Bazı sendikalar/konfederasyonlar feminist çizgide konumlanırken, buna zıt bir biçimde kadın işçilerin taleplerinden uzaklaştılar. Düne kadar kadın işçilerin taleplerini görünür kılmak için çabalayan birkaç sendikadan bahsedebiliyorduk.
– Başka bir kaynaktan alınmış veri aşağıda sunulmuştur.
lemma summand_closed:
  "p \<in> I \<Longrightarrow> \<sigma> \<in> S \<Longrightarrow> length xs = ar \<sigma> \<Longrightarrow> set xs \<subseteq> A p \<Longrightarrow> F p \<sigma> xs \<in> A p"
  using summand_is_algebra unfolding is_algebra_def by blast

lemma xi_in_summand:
  assumes "p \<in> I" "q \<in> I" "sl_le join p q" "\<sigma> \<in> S" "j \<le> ar \<sigma>" "a \<in> A p"
  shows "\<xi> p q \<sigma> j a \<in> A q"
  using xi_metamorphism[OF assms(1-3)] assms(4-6) unfolding metamorphism_def by blast

lemma pl_idx_eq: "p \<in> I \<Longrightarrow> x \<in> A p \<Longrightarrow> idx x = p"
  unfolding pl_idx_def using summands_disjoint by (intro the_equality) blast+

lemma pl_idx_in_carrier: "x \<in> carrier \<Longrightarrow> idx x \<in> I \<and> x \<in> A (idx x)"
  unfolding plonka_carrier_def using pl_idx_eq by blast

lemma pl_join_idx_lub:
  assumes "xs \<noteq> []" and "set xs \<subseteq> carrier"
  shows "sl_lub I join (idx ` set xs) (join_idx xs)"
proof -
  obtain x ys where xs: "xs = x # ys" using assms(1) by (cases xs) auto
  then have "idx x \<in> I" "set (map idx ys) \<subseteq> I" using assms(2) pl_idx_in_carrier by auto
  from sl_lub_fold[OF this] show ?thesis
    unfolding xs pl_join_idx_def by simp
qed

lemma plonka_ops_eq:
  "Pl \<sigma> xs = F (join_idx xs) \<sigma> (map (\<lambda>(j, x). \<xi> (idx x) (join_idx xs) \<sigma> j x) (zip [1..<Suc (length xs)] xs))"
  unfolding plonka_ops_def Let_def by (rule refl)

lemma pl_idx_le_join_idx:
  assumes "x \<in> set xs" and "set xs \<subseteq> carrier"
  shows "sl_le join (idx x) (join_idx xs)"
proof -
  from assms(1) have "xs \<noteq> []" by auto
  from pl_join_idx_lub[OF this assms(2)] assms(1) show ?thesis
    unfolding sl_lub_def sl_upper_bound_def by blast
qed

lemma join_idx_in_I:
  assumes "\<sigma> \<in> S" "length xs = ar \<sigma>" "set xs \<subseteq> carrier"
  shows "join_idx xs \<in> I"
proof (cases "xs = []")
  case True
  with assms bt_in_I show ?thesis by (simp add: pl_join_idx_def)
next
  case False
  from pl_join_idx_lub[OF this assms(3)] show ?thesis
    unfolding sl_lub_def sl_upper_bound_def by blast
qed

lemma plonka_ops_in_join_summand:
  assumes "\<sigma> \<in> S" "length xs = ar \<sigma>" "set xs \<subseteq> carrier"
  shows "Pl \<sigma> xs \<in> A (join_idx xs)"
proof -
  define q where "q = join_idx xs"
  have "q \<in> I" unfolding q_def using join_idx_in_I[OF assms] .
  have "\<xi> (idx x) q \<sigma> j x \<in> A q" if "(j, x) \<in> set (zip [1..<Suc (length xs)] xs)" for j x
  proof -
    from zip_upt_memD[OF that] assms(2) have x: "x \<in> set xs" and "j \<le> ar \<sigma>" by auto
    with assms(3) have "idx x \<in> I" "x \<in> A (idx x)" using pl_idx_in_carrier by blast+
    with xi_in_summand pl_idx_le_join_idx[OF x assms(3)] \<open>q \<in> I\<close> assms(1) \<open>j \<le> ar \<sigma>\<close>
    show ?thesis unfolding q_def by blast
  qed
  then have "set (map (\<lambda>(j, x). \<xi> (idx x) q \<sigma> j x) (zip [1..<Suc (length xs)] xs)) \<subseteq> A q"
    by auto
  with summand_closed \<open>q \<in> I\<close> assms(1,2) show ?thesis
    unfolding plonka_ops_eq q_def[symmetric] by simp
qed

lemma join_idx_eq_if_plonka_ops_in_summand:
  assumes "\<sigma> \<in> S" "length xs = ar \<sigma>" "set xs \<subseteq> carrier" "q \<in> I" "Pl \<sigma> xs \<in> A q"
  shows "join_idx xs = q"
  using summands_disjoint[OF join_idx_in_I[OF assms(1-3)] assms(4)]
    plonka_ops_in_join_summand[OF assms(1-3)] assms(5) by blast

lemma plonka_sum_is_algebra: "is_algebra S ar carrier Pl"
  unfolding is_algebra_def
proof (intro ballI allI impI)
  fix \<sigma> xs assume "\<sigma> \<in> S" "length xs = ar \<sigma> \<and> set xs \<subseteq> carrier"
  then have "join_idx xs \<in> I" "Pl \<sigma> xs \<in> A (join_idx xs)"
    using join_idx_in_I plonka_ops_in_join_summand by blast+
  then show "Pl \<sigma> xs \<in> carrier" unfolding plonka_carrier_def by blast
qed

lemma plonka_ops_summand:
  assumes "p \<in> I" "\<sigma> \<in> S" "length xs = ar \<sigma>" "xs \<noteq> []" "set xs \<subseteq> A p"
  shows "Pl \<sigma> xs = F p \<sigma> xs"
proof -
  have idx: "idx x = p" if "x \<in> set xs" for x
    using that assms pl_idx_eq by blast
  then have "idx ` set xs = {p}" using assms(4) by (cases xs) auto
  moreover have "set xs \<subseteq> carrier" using assms(1,5) unfolding plonka_carrier_def by blast
  ultimately have "join_idx xs = p"
    using pl_join_idx_lub[OF assms(4)] sl_lub_singleton[OF assms(1)] sl_lub_unique by metis
  moreover have "map (\<lambda>(j, x). \<xi> (idx x) p \<sigma> j x) (zip [1..<Suc (length xs)] xs) = xs"
  proof -
    have "map (\<lambda>(j, x). \<xi> (idx x) p \<sigma> j x) (zip [1..<Suc (length xs)] xs)
        = map snd (zip [1..<Suc (length xs)] xs)"
    proof (rule map_cong[OF refl], clarify)
      fix j x assume "(j, x) \<in> set (zip [1..<Suc (length xs)] xs)"
      from zip_upt_memD[OF this] show "\<xi> (idx x) p \<sigma> j x = snd (j, x)"
        using idx xi_refl assms by auto
    qed
    then show ?thesis by (simp add: map_snd_zip del: upt_Suc)
  qed
  ultimately show ?thesis by (simp add: plonka_ops_eq)
qed

lemma generated_summand_subset:
  assumes "p \<in> I" and "X \<subseteq> A p"
  shows "generated S ar (F p) X \<subseteq> generated S ar Pl (X \<union> (\<lambda>\<sigma>. F p \<sigma> []) ` {\<sigma>\<in>S. ar \<sigma> = 0})"
    (is "_ \<subseteq> generated S ar Pl ?X")
proof
  fix t assume "t \<in> generated S ar (F p) X"
  then show "t \<in> generated S ar Pl ?X"
  proof induction
    case (gen_base x)
    then show ?case by (blast intro: generated.gen_base)
  next
    case (gen_op \<sigma> xs)
    show ?case
    proof (cases "xs = []")
      case True
      with gen_op.hyps(1,2) show ?thesis by (auto intro: generated.gen_base)
    next
      case False
      have "set xs \<subseteq> A p"
        using gen_op.IH generated_subset_carrier[OF summand_is_algebra[OF assms(1)] assms(2)] by blast
      with plonka_ops_summand assms(1) gen_op.hyps(1,2) False have "F p \<sigma> xs = Pl \<sigma> xs" by simp
      moreover have "Pl \<sigma> xs \<in> generated S ar Pl ?X"
        using gen_op.hyps gen_op.IH by (blast intro: generated.gen_op)
      ultimately show ?thesis by simp
    qed
  qed
qed

lemma locally_finite_summand:
  assumes "finite S" and "locally_finite S ar carrier Pl" and "p \<in> I"
  shows "locally_finite S ar (A p) (F p)"
  unfolding locally_finite_def
proof (intro allI impI)
  fix X assume X: "finite X \<and> X \<subseteq> A p"
  let ?K = "(\<lambda>\<sigma>. F p \<sigma> []) ` {\<sigma>\<in>S. ar \<sigma> = 0}"
  have "?K \<subseteq> A p" using summand_closed[OF assms(3)] by auto
  moreover have "finite ?K" using assms(1) by simp
  ultimately have "X \<union> ?K \<subseteq> carrier" "finite (X \<union> ?K)"
    using assms(3) X unfolding plonka_carrier_def by blast+
  with assms(2) have "finite (generated S ar Pl (X \<union> ?K))"
    unfolding locally_finite_def by blast
  then show "finite (generated S ar (F p) X)"
    using generated_summand_subset[OF assms(3)] X finite_subset by blast
qed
Bugün onların da tablosu gerilemiş durumda. İyiden iyiye mora boyanmış, feminist çizgi ile bütünleşmiş bu sendikalar, kadın işçilerin bütünlüklü taleplerini bir kenara koyalım, ne kadın cinayetlerinde bir taraflar, ne de kadınların fabrikalarda, işyerlerinde yaşadıkları şiddete karşı hak koparıcı, sorun çözücü bir konumdalar.

Bu noktada son dönemin direniş süreçlerindeki bağımsız devrimci sendikaları ayrı bir yere koymak gerekiyor. Kadın işçilerin yaşadıkları taciz ve mobbinge örgütlenme ve direniş süreçlerinde özel olarak eğildikleri, direnişlerde kadınları öne çıkartıp taleplerini formüle ettikleri, eğitimleri konusunda çaba harcadıkları örnekler üzerinden bağımsız devrimci sendikaların olumlu pratiğine özellikle işaret etmek gerekiyor.

Komünistlere düşen sorumluluk

Tüm bunlar üzerimize düşen sorumluluğun büyüklüğünü gösteriyor. Parçası olduğumuz, müdahale ettiğimiz işçi direnişleri, eylemleri ve örgütlenme süreçlerinde kadın işçilerin yeri ve önemi üzerine kuşkusuz net bir bakışımız var. Ancak pratikte bir zorlanma yaşadığımız da açık. Ama her zorluk aşılmak içindir. Merkezden yerellere, sektörel çalışmalardan esnek çalışmalara, tüm alanlarda kadın işçi çalışmasını güçlendirme sorumluluğunun gereklerini yerine getirmeliyiz.

Kadın işçilerin örgütlenmesi, bilincinin ilerlemesi, talepleri ile eylemli süreçlere çekilmesi sınıf hareketini de güçlendirecektir. Kadın işçi çalışmamızın sınıf hareketine müdahaleden ayrı olmadığını, onun organik bir parçası olduğunu bir an bile unutmamalıyız. Kadın işçilerin mücadelesi ile beslenecek sınıf hareketi, kadın hareketindeki tıkanmaların da önünü açacak ve kadın mücadelesini güçlendirecektir.

Girişte sorduğumuz sorunun muhatabı feminist hareket olmadığı gibi cevabını da onlardan beklemiyoruz. Kadın hareketi ile sınıf mücadelesinin yollarının kesişmesi ve bağ kurarak ilerlemesi için, bugüne kadar ortaya koyduğumuz değerlendirmeleri incelemeli, önermelerini hayata geçirmeli, marksist bakış açısının yön verdiği bir çizgide kadın işçilerin mücadelesini geliştirici bir çaba içerisinde olmalıyız.